I've been hitting the gym for a couple months now and have just been doing my own thing around the house (currently building a kitchen for a client). I tried initiating early last night but was turned down so I just went about my business I didn't let it bother me. I usually will text my wife around 9:00 am to see how her day is going. Today I decided to for go the morning text and see if she would even bother to text me. Finally she texted at 2:30 and asked how my day was going and if I was going to the gym tonight. I just kept my answers brief and kept working. As I was cooking dinner tonight she started with the back rubs and a$$ grabbing.
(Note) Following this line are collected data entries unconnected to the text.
(* Let $P$ be a query problem (with inputs of a fixed size $n$), let $D(P)$ be its deterministic query complexity and, for each integer $k\ge 0$, let $D_k(P)$ be its $k$-change query complexity, as defined in the context. Then: (i) $D_k(P)\le D(P)$ for every $k\ge 0$; (ii) for every $k\ge 0$, $$D_k(P)\le \min\Big\{\sum_{i=1}^{l} D_{j_i}(P)\;:\; l\ge 1,\ j_1,\dots,j_l\ge 0 \text{ integers},\ \sum_{i=1}^{l}(j_i+1)>k\Big\}.$$
   Context: A query problem $P$ consists of a finite set $X$ of inputs, a function $f:X\to Y$, and a set of allowed queries; each query $q$ has an answer $q(x)$ for each input $x\in X$. The goal is to determine $f(x)$ for an unknown input $x$. The deterministic query complexity $D(P)$ is the minimum, over all adaptive querying strategies (decision trees), of the maximum over inputs of the number of queries asked before the answers received determine $f$ (i.e. all inputs consistent with all answers so far have the same $f$-value). The $k$-change complexity $D_k(P)$ is defined by the following game between a Questioner and an Adversary. The Adversary chooses an input $x\in X$ (the current input). The Questioner, who always knows the current input, asks queries one after another; each query is answered according to the current input. Between queries the Adversary may replace the current input by any other input consistent with all answers given so far, but he may do so at most $k$ times in total. The game ends as soon as the answers given determine the value of $f$. $D_k(P)$ is the number of queries asked when the Questioner plays to minimize and the Adversary plays to maximize the number of queries. (In particular $D_0(P)$ is the non-deterministic/certificate complexity.) *)

theory Defs
  imports Main "HOL-Library.Extended_Nat"
begin

text \<open>The knowledge state of the Questioner is the set S
  of inputs consistent with all answers so far.\<close>

definition determined :: "('x \<Rightarrow> 'y) \<Rightarrow> 'x set \<Rightarrow> bool" where
  "determined f S \<longleftrightarrow> (\<forall>x\<in>S. \<forall>y\<in>S. f x = f y)"

definition restrict_ans :: "'x set \<Rightarrow> ('x \<Rightarrow> 'a) \<Rightarrow> 'x \<Rightarrow> 'x set" where
  "restrict_ans S q x = {y\<in>S. q y = q x}"

text \<open>dt_le Q f S d: some (adaptive) decision tree of depth at most d determines f
  on the consistent set S.\<close>
primrec dt_le :: "('x \<Rightarrow> 'a) set \<Rightarrow> ('x \<Rightarrow> 'y) \<Rightarrow> 'x set \<Rightarrow> nat \<Rightarrow> bool" where
  "dt_le Q f S 0 = determined f S"
| "dt_le Q f S (Suc d) =
     (determined f S \<or> (\<exists>q\<in>Q. \<forall>x\<in>S. dt_le Q f (restrict_ans S q x) d))"

text \<open>Deterministic query complexity (infinity if no decision tree works).\<close>
definition qc_D :: "('x \<Rightarrow> 'a) set \<Rightarrow> ('x \<Rightarrow> 'y) \<Rightarrow> 'x set \<Rightarrow> enat" where
  "qc_D Q f X = (INF d\<in>{d. dt_le Q f X d}. enat d)"

text \<open>kwin Q f S x k d: in the k-change game, from a position where S is the set of inputs
  consistent with the answers so far, x is the current input and the Adversary has k changes
  left, the Questioner can force the game to end within d further queries.  After each answer
  the Adversary may keep x or (if k > 0) switch to another consistent input, using a change.\<close>
primrec kwin :: "('x \<Rightarrow> 'a) set \<Rightarrow> ('x \<Rightarrow> 'y) \<Rightarrow> 'x set \<Rightarrow> 'x \<Rightarrow> nat \<Rightarrow> nat \<Rightarrow> bool" where
  "kwin Q f S x k 0 = determined f S"
| "kwin Q f S x k (Suc d) =
     (determined f S \<or>
      (\<exists>q\<in>Q. kwin Q f (restrict_ans S q x) x k d \<and>
         (0 < k \<longrightarrow> (\<forall>x'\<in>restrict_ans S q x. kwin Q f (restrict_ans S q x) x' (k - 1) d))))"

text \<open>k-change complexity: value of the game (infinity if the Adversary can prolong forever).
  The Adversary's initial choice is any x in X.\<close>
definition qc_Dk :: "('x \<Rightarrow> 'a) set \<Rightarrow> ('x \<Rightarrow> 'y) \<Rightarrow> 'x set \<Rightarrow> nat \<Rightarrow> enat" where
  "qc_Dk Q f X k = (INF d\<in>{d. \<forall>x\<in>X. kwin Q f X x k d}. enat d)"

end

theory Submission
  imports Defs
begin

text \<open>An optimal decision tree is a Questioner strategy that ignores the Adversary's changes,
  which gives (i).  For (ii), a Questioner who wins within \<open>d\<^sub>1\<close> queries against \<open>j\<^sub>1\<close> changes
  follows that strategy until the game ends or the Adversary makes a \<open>(j\<^sub>1+1)\<close>-st change; at that
  moment she restarts with a strategy winning within \<open>d\<^sub>2\<close> queries against \<open>j\<^sub>2\<close> changes, which
  still works because the set of consistent inputs has only shrunk.  So \<open>j\<^sub>1 + 1 + j\<^sub>2\<close> changes
  cost at most \<open>d\<^sub>1 + d\<^sub>2\<close> queries, and induction over the list gives the bound.\<close>

lemma determined_subset: "determined f S \<Longrightarrow> T \<subseteq> S \<Longrightarrow> determined f T"
  by (auto simp: determined_def)

lemma dt_le_empty: "dt_le Q f {} d"
  by (cases d) (simp_all add: determined_def)

lemma kwin_if_determined: "determined f S \<Longrightarrow> kwin Q f S x k d"
  by (cases d) simp_all

lemma kwin_SucI:
  assumes "q \<in> Q" "kwin Q f (restrict_ans S q x) x k d"
    "0 < k \<longrightarrow> (\<forall>x'\<in>restrict_ans S q x. kwin Q f (restrict_ans S q x) x' (k - 1) d)"
  shows "kwin Q f S x k (Suc d)"
  using assms by (simp only: kwin.simps) blast

lemma kwin_SucE:
  assumes "kwin Q f S x k (Suc d)" "\<not> determined f S"
  obtains q where "q \<in> Q" "kwin Q f (restrict_ans S q x) x k d"
    "0 < k \<longrightarrow> (\<forall>x'\<in>restrict_ans S q x. kwin Q f (restrict_ans S q x) x' (k - 1) d)"
  using assms by (simp only: kwin.simps) blast

lemma dt_le_imp_kwin: "dt_le Q f S d \<Longrightarrow> kwin Q f S x k d"
proof (induction d arbitrary: S x k)
  case 0
  then show ?case by simp
next
  case (Suc d)
  show ?case
  proof (cases "determined f S")
    case True
    then show ?thesis by (rule kwin_if_determined)
  next
    case False
    with Suc.prems obtain q where "q \<in> Q" and tree: "\<forall>y\<in>S. dt_le Q f (restrict_ans S q y) d"
      by auto
    have subtree: "dt_le Q f (restrict_ans S q z) d" for z
    proof (cases "\<exists>y\<in>S. q y = q z")
      case True
      then obtain y where "y \<in> S" "restrict_ans S q z = restrict_ans S q y"
        by (auto simp: restrict_ans_def)
      with tree show ?thesis by simp
    next
      case False
      then have "restrict_ans S q z = {}" by (auto simp: restrict_ans_def)
      then show ?thesis by (simp add: dt_le_empty)
    qed
    show ?thesis
      using \<open>q \<in> Q\<close> subtree Suc.IH by (intro kwin_SucI) blast+
  qed
qed

lemma kwin_subset: "kwin Q f S x k d \<Longrightarrow> T \<subseteq> S \<Longrightarrow> kwin Q f T x k d"
proof (induction d arbitrary: S T x k)
  case 0
  then show ?case by (simp add: determined_subset[of f S T])
next
  case (Suc d)
  show ?case
  proof (cases "determined f S")
    case True
    then show ?thesis using Suc.prems(2) by (intro kwin_if_determined) (rule determined_subset)
  next
    case False
    with Suc.prems(1) obtain q where q: "q \<in> Q" "kwin Q f (restrict_ans S q x) x k d"
      "0 < k \<longrightarrow> (\<forall>x'\<in>restrict_ans S q x. kwin Q f (restrict_ans S q x) x' (k - 1) d)"
      by (rule kwin_SucE)
    have shrink: "restrict_ans T q x \<subseteq> restrict_ans S q x"
      using Suc.prems(2) by (auto simp: restrict_ans_def)
    show ?thesis
    proof (rule kwin_SucI)
      show "kwin Q f (restrict_ans T q x) x k d"
        using Suc.IH[OF q(2) shrink] .
      show "0 < k \<longrightarrow> (\<forall>x'\<in>restrict_ans T q x. kwin Q f (restrict_ans T q x) x' (k - 1) d)"
      proof (intro impI ballI)
        fix x' assume "0 < k" "x' \<in> restrict_ans T q x"
        with q(3) shrink have "kwin Q f (restrict_ans S q x) x' (k - 1) d" by blast
        then show "kwin Q f (restrict_ans T q x) x' (k - 1) d" by (rule Suc.IH[OF _ shrink])
      qed
    qed (rule q(1))
  qed
qed

lemma kwin_mono_depth: "kwin Q f S x k d \<Longrightarrow> d \<le> d' \<Longrightarrow> kwin Q f S x k d'"
proof (induction d arbitrary: S x k d')
  case 0
  then show ?case by (simp add: kwin_if_determined)
next
  case (Suc d)
  then obtain e where e: "d' = Suc e" "d \<le> e"
    by (cases d') simp_all
  show ?case
  proof (cases "determined f S")
    case True
    then show ?thesis by (rule kwin_if_determined)
  next
    case False
    with Suc.prems(1) obtain q where q: "q \<in> Q" "kwin Q f (restrict_ans S q x) x k d"
      "0 < k \<longrightarrow> (\<forall>x'\<in>restrict_ans S q x. kwin Q f (restrict_ans S q x) x' (k - 1) d)"
      by (rule kwin_SucE)
    with e Suc.IH show ?thesis by (simp only: e(1)) (intro kwin_SucI; blast)
  qed
qed

lemma kwin_antimono_changes: "kwin Q f S x k d \<Longrightarrow> k' \<le> k \<Longrightarrow> kwin Q f S x k' d"
proof (induction d arbitrary: S x k k')
  case 0
  then show ?case by simp
next
  case (Suc d)
  show ?case
  proof (cases "determined f S")
    case True
    then show ?thesis by (rule kwin_if_determined)
  next
    case False
    with Suc.prems(1) obtain q where q: "q \<in> Q" "kwin Q f (restrict_ans S q x) x k d"
      "0 < k \<longrightarrow> (\<forall>x'\<in>restrict_ans S q x. kwin Q f (restrict_ans S q x) x' (k - 1) d)"
      by (rule kwin_SucE)
    have "k' - 1 \<le> k - 1" "0 < k' \<longrightarrow> 0 < k"
      using Suc.prems(2) by simp_all
    with q Suc.IH Suc.prems(2) show ?thesis by (intro kwin_SucI) blast+
  qed
qed

lemma kwin_restart:
  assumes restart: "\<forall>y\<in>X. kwin Q f X y j' d'"
  shows "S \<subseteq> X \<Longrightarrow> kwin Q f S x j d \<Longrightarrow> kwin Q f S x (j + 1 + j') (d + d')"
proof (induction d arbitrary: S x j)
  case 0
  then show ?case by (simp add: kwin_if_determined)
next
  case (Suc d)
  show ?case
  proof (cases "determined f S")
    case True
    then show ?thesis by (rule kwin_if_determined)
  next
    case False
    with Suc.prems(2) obtain q where q: "q \<in> Q" "kwin Q f (restrict_ans S q x) x j d"
      "0 < j \<longrightarrow> (\<forall>x'\<in>restrict_ans S q x. kwin Q f (restrict_ans S q x) x' (j - 1) d)"
      by (rule kwin_SucE)
    define R where "R = restrict_ans S q x"
    have "R \<subseteq> X" using Suc.prems(1) by (auto simp: R_def restrict_ans_def)
    have changed: "kwin Q f R x' (j + j') (d + d')" if "x' \<in> R" for x'
    proof (cases "j = 0")
      case True
      from restart \<open>R \<subseteq> X\<close> \<open>x' \<in> R\<close> have "kwin Q f R x' j' d'"
        by (blast intro: kwin_subset)
      with True show ?thesis by (auto elim: kwin_mono_depth)
    next
      case False
      with q(3) \<open>x' \<in> R\<close> have "kwin Q f R x' (j - 1) d" by (simp add: R_def)
      with Suc.IH[OF \<open>R \<subseteq> X\<close>] False show ?thesis by fastforce
    qed
    have "kwin Q f S x (j + 1 + j') (Suc (d + d'))"
      using q(1) Suc.IH[OF \<open>R \<subseteq> X\<close> q(2)[folded R_def]] changed
      by (intro kwin_SucI) (auto simp: R_def)
    then show ?thesis by simp
  qed
qed

lemma qc_Dk_le_enatI: "\<forall>x\<in>X. kwin Q f X x k d \<Longrightarrow> qc_Dk Q f X k \<le> enat d"
  unfolding qc_Dk_def by (rule INF_lower) simp

lemma kwin_qc_Dk:
  assumes "qc_Dk Q f X k = enat d"
  shows "\<forall>x\<in>X. kwin Q f X x k d"
proof -
  let ?A = "{d. \<forall>x\<in>X. kwin Q f X x k d}"
  have "enat ` ?A \<noteq> {}"
  proof
    assume "enat ` ?A = {}"
    then have "qc_Dk Q f X k = \<infinity>"
      unfolding qc_Dk_def by (simp only: Inf_empty top_enat_def)
    with assms show False by simp
  qed
  then have "Inf (enat ` ?A) \<in> enat ` ?A"
    by (auto intro: wellorder_InfI)
  with assms have "enat d \<in> enat ` ?A"
    by (simp add: qc_Dk_def)
  then show ?thesis by auto
qed

lemma qc_Dk_le_qc_D: "qc_Dk Q f X k \<le> qc_D Q f X"
  unfolding qc_Dk_def qc_D_def by (rule INF_superset_mono) (auto intro: dt_le_imp_kwin)

lemma qc_Dk_antimono: "k \<le> k' \<Longrightarrow> qc_Dk Q f X k \<le> qc_Dk Q f X k'"
  unfolding qc_Dk_def by (rule INF_superset_mono) (auto intro: kwin_antimono_changes)

lemma qc_Dk_subadditive: "qc_Dk Q f X (j + 1 + j') \<le> qc_Dk Q f X j + qc_Dk Q f X j'"
proof (cases "qc_Dk Q f X j" ; cases "qc_Dk Q f X j'")
  fix d d'
  assume "qc_Dk Q f X j = enat d" "qc_Dk Q f X j' = enat d'"
  with kwin_qc_Dk have "\<forall>x\<in>X. kwin Q f X x j d" "\<forall>x\<in>X. kwin Q f X x j' d'"
    by blast+
  then have "\<forall>x\<in>X. kwin Q f X x (j + 1 + j') (d + d')"
    by (blast intro: kwin_restart)
  then show ?thesis
    using \<open>qc_Dk Q f X j = enat d\<close> \<open>qc_Dk Q f X j' = enat d'\<close> by (simp add: qc_Dk_le_enatI)
qed simp_all

lemma qc_Dk_le_sum_list:
  "js \<noteq> [] \<Longrightarrow> k < sum_list (map Suc js) \<Longrightarrow>
   qc_Dk Q f X k \<le> sum_list (map (qc_Dk Q f X) js)"
proof (induction js arbitrary: k)
  case Nil
  then show ?case by simp
next
  case (Cons j js)
  show ?case
  proof (cases "js = []")
    case True
    with Cons.prems show ?thesis by (simp add: qc_Dk_antimono)
  next
    case False
    then obtain k' where k': "sum_list (map Suc js) = Suc k'"
      by (cases js) auto
    with Cons.prems(2) have "k \<le> j + 1 + k'" "k' < sum_list (map Suc js)"
      by simp_all
    have "qc_Dk Q f X k \<le> qc_Dk Q f X (j + 1 + k')"
      using \<open>k \<le> j + 1 + k'\<close> by (rule qc_Dk_antimono)
    also have "\<dots> \<le> qc_Dk Q f X j + qc_Dk Q f X k'"
      by (rule qc_Dk_subadditive)
    also have "\<dots> \<le> qc_Dk Q f X j + sum_list (map (qc_Dk Q f X) js)"
      using Cons.IH[OF False \<open>k' < sum_list (map Suc js)\<close>] by (rule add_left_mono)
    finally show ?thesis by simp
  qed
qed

theorem proposition1:
  fixes X :: "'x set" and f :: "'x \<Rightarrow> 'y" and Q :: "('x \<Rightarrow> 'a) set"
  assumes "finite X"
  shows "(\<forall>k. qc_Dk Q f X k \<le> qc_D Q f X) \<and>
         (\<forall>k. qc_Dk Q f X k \<le>
            (INF js\<in>{js :: nat list. js \<noteq> [] \<and> k < sum_list (map Suc js)}.
               sum_list (map (qc_Dk Q f X) js)))"
  by (auto intro!: INF_greatest qc_Dk_le_qc_D qc_Dk_le_sum_list)

end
I won't initiate tonight as I have another kitchen to finish rendering on the computer and I know I'll be up until at least 2:00am. 

I'll just keep working on me and doing my thing around the house. 
A couple friends from work want me to go to a strip club with them next weekend so I might take them up in the offer. I need to get out of the house at least once a year.


----------



## Marduk (Jul 16, 2010)

thenub said:


> I've been hitting the gym for a couple months now and have just been doing my own thing around the house (currently building a kitchen for a client). I tried initiating early last night but was turned down so I just went about my business I didn't let it bother me. I usually will text my wife around 9:00 am to see how her day is going. Today I decided to for go the morning text and see if she would even bother to text me. Finally she texted at 2:30 and asked how my day was going and if I was going to the gym tonight. I just kept my answers brief and kept working. As I was cooking dinner tonight she started with the back rubs and a$$ grabbing. I won't initiate tonight as I have another kitchen to finish rendering on the computer and I know I'll be up until at least 2:00am.
> 
> I'll just keep working on me and doing my thing around the house.
> A couple friends from work want me to go to a strip club with them next weekend so I might take them up in the offer. I need to get out of the house at least once a year.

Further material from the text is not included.